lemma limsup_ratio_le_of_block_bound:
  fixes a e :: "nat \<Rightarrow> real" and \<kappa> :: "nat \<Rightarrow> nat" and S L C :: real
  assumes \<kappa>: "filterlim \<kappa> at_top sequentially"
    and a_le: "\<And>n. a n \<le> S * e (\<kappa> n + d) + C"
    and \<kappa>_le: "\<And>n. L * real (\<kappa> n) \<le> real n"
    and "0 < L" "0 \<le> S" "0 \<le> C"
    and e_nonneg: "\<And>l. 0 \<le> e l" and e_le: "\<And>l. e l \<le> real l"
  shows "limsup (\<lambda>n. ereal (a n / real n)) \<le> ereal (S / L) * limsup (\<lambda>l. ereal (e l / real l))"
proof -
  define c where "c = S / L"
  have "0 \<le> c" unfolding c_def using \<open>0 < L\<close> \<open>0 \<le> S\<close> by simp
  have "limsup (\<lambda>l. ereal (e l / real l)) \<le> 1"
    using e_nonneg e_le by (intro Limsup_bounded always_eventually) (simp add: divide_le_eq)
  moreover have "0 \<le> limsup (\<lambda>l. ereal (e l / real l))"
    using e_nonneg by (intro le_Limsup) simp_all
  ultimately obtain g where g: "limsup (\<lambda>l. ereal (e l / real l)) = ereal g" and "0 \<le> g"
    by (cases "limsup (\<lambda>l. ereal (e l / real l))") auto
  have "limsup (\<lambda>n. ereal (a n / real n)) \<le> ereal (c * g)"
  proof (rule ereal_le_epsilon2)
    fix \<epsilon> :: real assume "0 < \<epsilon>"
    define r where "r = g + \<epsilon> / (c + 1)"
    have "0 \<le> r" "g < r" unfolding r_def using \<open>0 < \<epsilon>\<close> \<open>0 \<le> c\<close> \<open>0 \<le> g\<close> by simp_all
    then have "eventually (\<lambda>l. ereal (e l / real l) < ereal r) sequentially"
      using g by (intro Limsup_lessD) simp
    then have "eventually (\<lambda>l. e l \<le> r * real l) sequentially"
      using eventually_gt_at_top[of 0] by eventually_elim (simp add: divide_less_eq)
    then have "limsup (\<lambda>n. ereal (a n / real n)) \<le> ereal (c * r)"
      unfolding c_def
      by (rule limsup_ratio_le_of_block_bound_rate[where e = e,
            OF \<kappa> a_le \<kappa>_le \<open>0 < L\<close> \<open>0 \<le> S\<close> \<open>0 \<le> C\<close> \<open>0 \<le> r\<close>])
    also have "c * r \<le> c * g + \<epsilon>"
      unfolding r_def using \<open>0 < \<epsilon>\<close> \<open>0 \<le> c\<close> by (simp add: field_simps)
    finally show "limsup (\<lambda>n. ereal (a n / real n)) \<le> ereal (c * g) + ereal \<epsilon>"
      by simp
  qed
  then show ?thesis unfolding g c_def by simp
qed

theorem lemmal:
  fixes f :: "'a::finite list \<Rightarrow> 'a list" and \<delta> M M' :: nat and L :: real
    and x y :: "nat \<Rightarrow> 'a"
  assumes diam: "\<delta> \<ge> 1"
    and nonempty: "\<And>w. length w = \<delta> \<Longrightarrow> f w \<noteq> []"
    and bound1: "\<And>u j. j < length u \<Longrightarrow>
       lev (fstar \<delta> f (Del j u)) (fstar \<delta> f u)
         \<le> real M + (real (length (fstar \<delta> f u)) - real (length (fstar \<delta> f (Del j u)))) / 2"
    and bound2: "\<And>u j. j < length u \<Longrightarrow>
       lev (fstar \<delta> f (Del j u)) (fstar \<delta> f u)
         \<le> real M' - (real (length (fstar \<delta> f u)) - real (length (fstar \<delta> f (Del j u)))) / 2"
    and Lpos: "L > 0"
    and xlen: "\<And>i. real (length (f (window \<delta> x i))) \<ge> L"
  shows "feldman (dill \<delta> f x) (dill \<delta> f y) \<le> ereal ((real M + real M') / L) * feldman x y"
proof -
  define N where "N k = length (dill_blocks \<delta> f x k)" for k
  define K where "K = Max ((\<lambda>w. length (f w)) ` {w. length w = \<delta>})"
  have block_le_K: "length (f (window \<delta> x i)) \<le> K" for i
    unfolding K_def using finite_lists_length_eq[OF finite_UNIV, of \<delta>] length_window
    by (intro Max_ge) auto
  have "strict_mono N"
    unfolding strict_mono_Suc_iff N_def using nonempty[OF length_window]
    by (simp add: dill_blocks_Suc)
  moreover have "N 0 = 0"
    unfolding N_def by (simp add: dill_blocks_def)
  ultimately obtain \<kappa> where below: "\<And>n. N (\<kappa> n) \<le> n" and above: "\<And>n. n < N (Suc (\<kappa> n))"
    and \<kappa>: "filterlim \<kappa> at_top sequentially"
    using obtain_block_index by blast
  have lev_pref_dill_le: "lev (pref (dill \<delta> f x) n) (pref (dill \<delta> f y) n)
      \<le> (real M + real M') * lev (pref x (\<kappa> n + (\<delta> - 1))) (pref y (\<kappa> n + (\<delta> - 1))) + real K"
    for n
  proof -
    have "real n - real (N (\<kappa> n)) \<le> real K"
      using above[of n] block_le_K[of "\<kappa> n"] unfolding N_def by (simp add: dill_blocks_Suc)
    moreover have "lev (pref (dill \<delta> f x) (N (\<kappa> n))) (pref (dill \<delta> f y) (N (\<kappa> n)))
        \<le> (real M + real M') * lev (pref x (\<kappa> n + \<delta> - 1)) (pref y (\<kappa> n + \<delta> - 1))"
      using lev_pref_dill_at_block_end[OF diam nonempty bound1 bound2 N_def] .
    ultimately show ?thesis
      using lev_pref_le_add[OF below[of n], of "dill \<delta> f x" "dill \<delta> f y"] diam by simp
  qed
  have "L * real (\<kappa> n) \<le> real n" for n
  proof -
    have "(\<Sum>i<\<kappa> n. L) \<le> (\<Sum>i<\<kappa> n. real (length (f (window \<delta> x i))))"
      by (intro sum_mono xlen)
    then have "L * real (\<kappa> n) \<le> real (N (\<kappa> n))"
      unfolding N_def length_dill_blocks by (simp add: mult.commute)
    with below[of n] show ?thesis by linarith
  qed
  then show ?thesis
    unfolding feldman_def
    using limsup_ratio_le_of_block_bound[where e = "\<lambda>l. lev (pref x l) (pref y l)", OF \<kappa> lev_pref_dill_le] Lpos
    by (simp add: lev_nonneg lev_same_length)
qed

_Exercise instructions_
Above are the entries. Output exactly the lines beginning with the line that has "and L :: real" and ending with the line that has "using above[of n]".

_Reply to the exercise_
  fixes f :: "'a::finite list \<Rightarrow> 'a list" and \<delta> M M' :: nat and L :: real
    and x y :: "nat \<Rightarrow> 'a"
  assumes diam: "\<delta> \<ge> 1"
    and nonempty: "\<And>w. length w = \<delta> \<Longrightarrow> f w \<noteq> []"
    and bound1: "\<And>u j. j < length u \<Longrightarrow>
       lev (fstar \<delta> f (Del j u)) (fstar \<delta> f u)
         \<le> real M + (real (length (fstar \<delta> f u)) - real (length (fstar \<delta> f (Del j u)))) / 2"
    and bound2: "\<And>u j. j < length u \<Longrightarrow>
       lev (fstar \<delta> f (Del j u)) (fstar \<delta> f u)
         \<le> real M' - (real (length (fstar \<delta> f u)) - real (length (fstar \<delta> f (Del j u)))) / 2"
    and Lpos: "L > 0"
    and xlen: "\<And>i. real (length (f (window \<delta> x i))) \<ge> L"
  shows "feldman (dill \<delta> f x) (dill \<delta> f y) \<le> ereal ((real M + real M') / L) * feldman x y"
proof -
  define N where "N k = length (dill_blocks \<delta> f x k)" for k
  define K where "K = Max ((\<lambda>w. length (f w)) ` {w. length w = \<delta>})"
  have block_le_K: "length (f (window \<delta> x i)) \<le> K" for i
    unfolding K_def using finite_lists_length_eq[OF finite_UNIV, of \<delta>] length_window
    by (intro Max_ge) auto
  have "strict_mono N"
    unfolding strict_mono_Suc_iff N_def using nonempty[OF length_window]
    by (simp add: dill_blocks_Suc)
  moreover have "N 0 = 0"
    unfolding N_def by (simp add: dill_blocks_def)
  ultimately obtain \<kappa> where below: "\<And>n. N (\<kappa> n) \<le> n" and above: "\<And>n. n < N (Suc (\<kappa> n))"
    and \<kappa>: "filterlim \<kappa> at_top sequentially"
    using obtain_block_index by blast
  have lev_pref_dill_le: "lev (pref (dill \<delta> f x) n) (pref (dill \<delta> f y) n)
      \<le> (real M + real M') * lev (pref x (\<kappa> n + (\<delta> - 1))) (pref y (\<kappa> n + (\<delta> - 1))) + real K"
    for n
  proof -
    have "real n - real (N (\<kappa> n)) \<le> real K"
      using above[of n] block_le_K[of "\<kappa> n"] unfolding N_def by (simp add: dill_blocks_Suc)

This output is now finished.